#### Goal of the exercise
Scan the listing below for the string "moreover" and copy each line where it turns up.

-------- Records supplied --------

lemma slater_lagrange_multiplier_single:
  fixes F g :: "'a::real_vector \<Rightarrow> real"
  assumes "convex D" "convex_on D F" "convex_on D g"
    and slater: "x0 \<in> D" "g x0 < 0"
    and feasible_ge: "\<And>x. x \<in> D \<Longrightarrow> g x \<le> 0 \<Longrightarrow> c \<le> F x"
  shows "\<exists>lam\<ge>0. \<forall>x\<in>D. c \<le> F x + lam * g x"
proof -
  have ratio_le: "(c - F y) / g y \<le> (F x - c) / (- g x)"
    if "y \<in> D" "g y > 0" "x \<in> D" "g x < 0" for x y
    using convex_constraint_ratio_le[OF assms(1-3) that] feasible_ge by blast
  define S where "S = insert 0 {(c - F y) / g y | y. y \<in> D \<and> g y > 0}"
  have bdd: "bdd_above S"
  proof (rule bdd_aboveI)
    fix r assume "r \<in> S"
    then show "r \<le> max 0 ((F x0 - c) / (- g x0))"
      using ratio_le[OF _ _ slater] by (auto simp: S_def intro: le_max_iff_disj[THEN iffD2])
  qed
  define lam where "lam = Sup S"
  have "0 \<le> lam" unfolding lam_def S_def by (rule cSup_upper) (use bdd S_def in auto)
  moreover have "c \<le> F x + lam * g x" if x: "x \<in> D" for x
  proof (cases "g x" "0::real" rule: linorder_cases)
    case less
    have "0 \<le> (F x - c) / (- g x)"
      using feasible_ge[OF x] less by (intro divide_nonneg_pos) auto
    then have "lam \<le> (F x - c) / (- g x)"
      unfolding lam_def S_def using ratio_le[OF _ _ x less] by (intro cSup_least) auto
    then show ?thesis using less by (simp add: field_simps)
  next
    case equal
    then show ?thesis using feasible_ge x by simp
  next
    case greater
    have "(c - F x) / g x \<le> lam"
      unfolding lam_def using x greater bdd by (intro cSup_upper) (auto simp: S_def)
    then show ?thesis using greater by (simp add: field_simps)
  qed
  ultimately show ?thesis by blast
qed

text \<open>Multipliers are added one constraint at a time: those for the first \<open>m\<close> constraints
  are found on the set where the last constraint holds, and the last one is then a
  single-constraint multiplier for the partial Lagrangian.\<close>
lemma slater_lagrange_multipliers:
  fixes a :: "nat \<Rightarrow> 'a::real_vector \<Rightarrow> real"
  assumes "convex D" "convex_on D F" "\<And>i. i < m \<Longrightarrow> convex_on D (a i)"
    and "x0 \<in> D" "\<And>i. i < m \<Longrightarrow> a i x0 < 0"
    and "\<And>x. x \<in> D \<Longrightarrow> \<forall>i<m. a i x \<le> 0 \<Longrightarrow> c \<le> F x"
  shows "\<exists>lam. (\<forall>i<m. 0 \<le> lam i) \<and> (\<forall>x\<in>D. c \<le> F x + (\<Sum>i<m. lam i * a i x))"
  using assms
proof (induction m arbitrary: D)
  case 0
  then show ?case by auto
next
  case (Suc m)
  define D' where "D' = {x\<in>D. a m x \<le> 0}"
  have "convex D'" unfolding D'_def using Suc.prems(1,3) by (intro convex_sublevel_set) auto
  moreover have "D' \<subseteq> D" by (auto simp: D'_def)
  ultimately obtain lam where lam: "\<forall>i<m. 0 \<le> lam i" "\<forall>x\<in>D'. c \<le> F x + (\<Sum>i<m. lam i * a i x)"
    using Suc.IH[of D'] Suc.prems convex_on_subset
    by (fastforce simp: D'_def less_Suc_eq)
  define L where "L x = F x + (\<Sum>i<m. lam i * a i x)" for x
  have "convex_on D L"
    unfolding L_def using Suc.prems lam(1)
    by (intro convex_on_add convex_on_sum_functions convex_on_cmul) auto
  moreover have "c \<le> L x" if "x \<in> D" "a m x \<le> 0" for x
    using lam(2) that by (simp add: L_def D'_def)
  ultimately obtain \<nu> where "\<nu> \<ge> 0" "\<forall>x\<in>D. c \<le> L x + \<nu> * a m x"
    using slater_lagrange_multiplier_single[OF Suc.prems(1) _ Suc.prems(3)[of m] Suc.prems(4)
        Suc.prems(5)[of m]] by blast
  then show ?case
    using lam(1) by (intro exI[of _ "lam(m := \<nu>)"]) (auto simp: L_def less_Suc_eq)
qed

lemma dual_opt_set_lagrangian_ge:
  assumes "\<forall>i<m. 0 \<le> lam0 i" "\<forall>x\<in>D. c \<le> F x + (\<Sum>i<m. lam0 i * a i x)"
    and "lam \<in> dual_opt_set D F m a" "x \<in> D"
  shows "c \<le> F x + (\<Sum>i<m. lam i * a i x)"
proof -
  have "ereal c \<le> dual_fun D F m a lam0"
    unfolding dual_fun_def using assms(2) by (intro INF_greatest) auto
  also have "\<dots> \<le> dual_fun D F m a lam"
    using assms(1,3) by (simp add: dual_opt_set_def)
  also have "\<dots> \<le> ereal (F x + (\<Sum>i<m. lam i * a i x))"
    unfolding dual_fun_def using assms(4) by (rule INF_lower)
  finally show ?thesis by simp
qed

lemma abs_le_linf_norm: "i < m \<Longrightarrow> \<bar>lam i\<bar> \<le> linf_norm m lam"
  unfolding linf_norm_def by (intro Max_ge) auto

lemma linf_norm_nonneg: "0 \<le> linf_norm m lam"
  unfolding linf_norm_def by (intro Max_ge) auto

lemma xi_bar_nonneg: "0 \<le> xi_bar D F m a"
  unfolding xi_bar_def using linf_norm_nonneg by (intro INF_greatest) auto

lemma weighted_sum_le_linf_norm_mult_violation:
  assumes "\<forall>i<m. 0 \<le> lam i"
  shows "(\<Sum>i<m. lam i * a i) \<le> linf_norm m lam * (\<Sum>i<m. max 0 (a i))"
  unfolding sum_distrib_left
proof (rule sum_mono)
  fix i assume "i \<in> {..<m}"
  then have "0 \<le> lam i" "lam i \<le> linf_norm m lam"
    using assms abs_le_linf_norm[of i m lam] by auto
  then have "lam i * a i \<le> lam i * max 0 (a i)" by (intro mult_left_mono) auto
  also have "\<dots> \<le> linf_norm m lam * max 0 (a i)"
    using \<open>lam i \<le> linf_norm m lam\<close> by (intro mult_right_mono) auto
  finally show "lam i * a i \<le> linf_norm m lam * max 0 (a i)" .
qed

lemma le_mult_if_INF_le:
  fixes g :: "'b \<Rightarrow> real"
  assumes "(INF y\<in>A. ereal (g y)) \<le> ereal \<xi>" "0 \<le> S" "\<And>y. y \<in> A \<Longrightarrow> c \<le> g y * S"
  shows "c \<le> \<xi> * S"
proof (cases "S = 0")
  case True
  have "A \<noteq> {}"
  proof
    assume "A = {}"
    with assms(1) show False by (simp add: top_ereal_def)
  qed
  then show ?thesis using assms(3) True by force
next
  case False
  then have "S > 0" using assms(2) by simp
  have "ereal (c / S) \<le> (INF y\<in>A. ereal (g y))"
    using assms(3) \<open>S > 0\<close> by (intro INF_greatest) (simp add: pos_divide_le_eq)
  also note assms(1)
  finally show ?thesis using \<open>S > 0\<close> by (simp add: pos_divide_le_eq mult.commute)
qed

lemma dual_opt_set_violation_lower_bound:
  assumes "\<forall>i<m. 0 \<le> lam0 i" "\<forall>x\<in>D. c \<le> F x + (\<Sum>i<m. lam0 i * a i x)"
    and "xi_bar D F m a \<le> ereal \<xi>" "x \<in> D"
  shows "c - F x \<le> \<xi> * (\<Sum>i<m. max 0 (a i x))"
proof -
  have "c - F x \<le> linf_norm m lam * (\<Sum>i<m. max 0 (a i x))"
    if "lam \<in> dual_opt_set D F m a" for lam
  proof -
    have "\<forall>i<m. 0 \<le> lam i" using that by (simp add: dual_opt_set_def)
    from weighted_sum_le_linf_norm_mult_violation[OF this, of "\<lambda>i. a i x"]
    show ?thesis using dual_opt_set_lagrangian_ge[OF assms(1,2) that assms(4)] by linarith
  qed
  from le_mult_if_INF_le[OF assms(3)[unfolded xi_bar_def] _ this]
  show ?thesis by (simp add: sum_nonneg)
qed

lemma softplus_nonneg: "\<delta> \<ge> 0 \<Longrightarrow> 0 \<le> softplus \<delta> t"
  unfolding softplus_def by auto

--------

#### Completed exercise
  moreover have "c \<le> F x + lam * g x" if x: "x \<in> D" for x
  moreover have "D' \<subseteq> D" by (auto simp: D'_def)
  moreover have "c \<le> L x" if "x \<in> D" "a m x \<le> 0" for x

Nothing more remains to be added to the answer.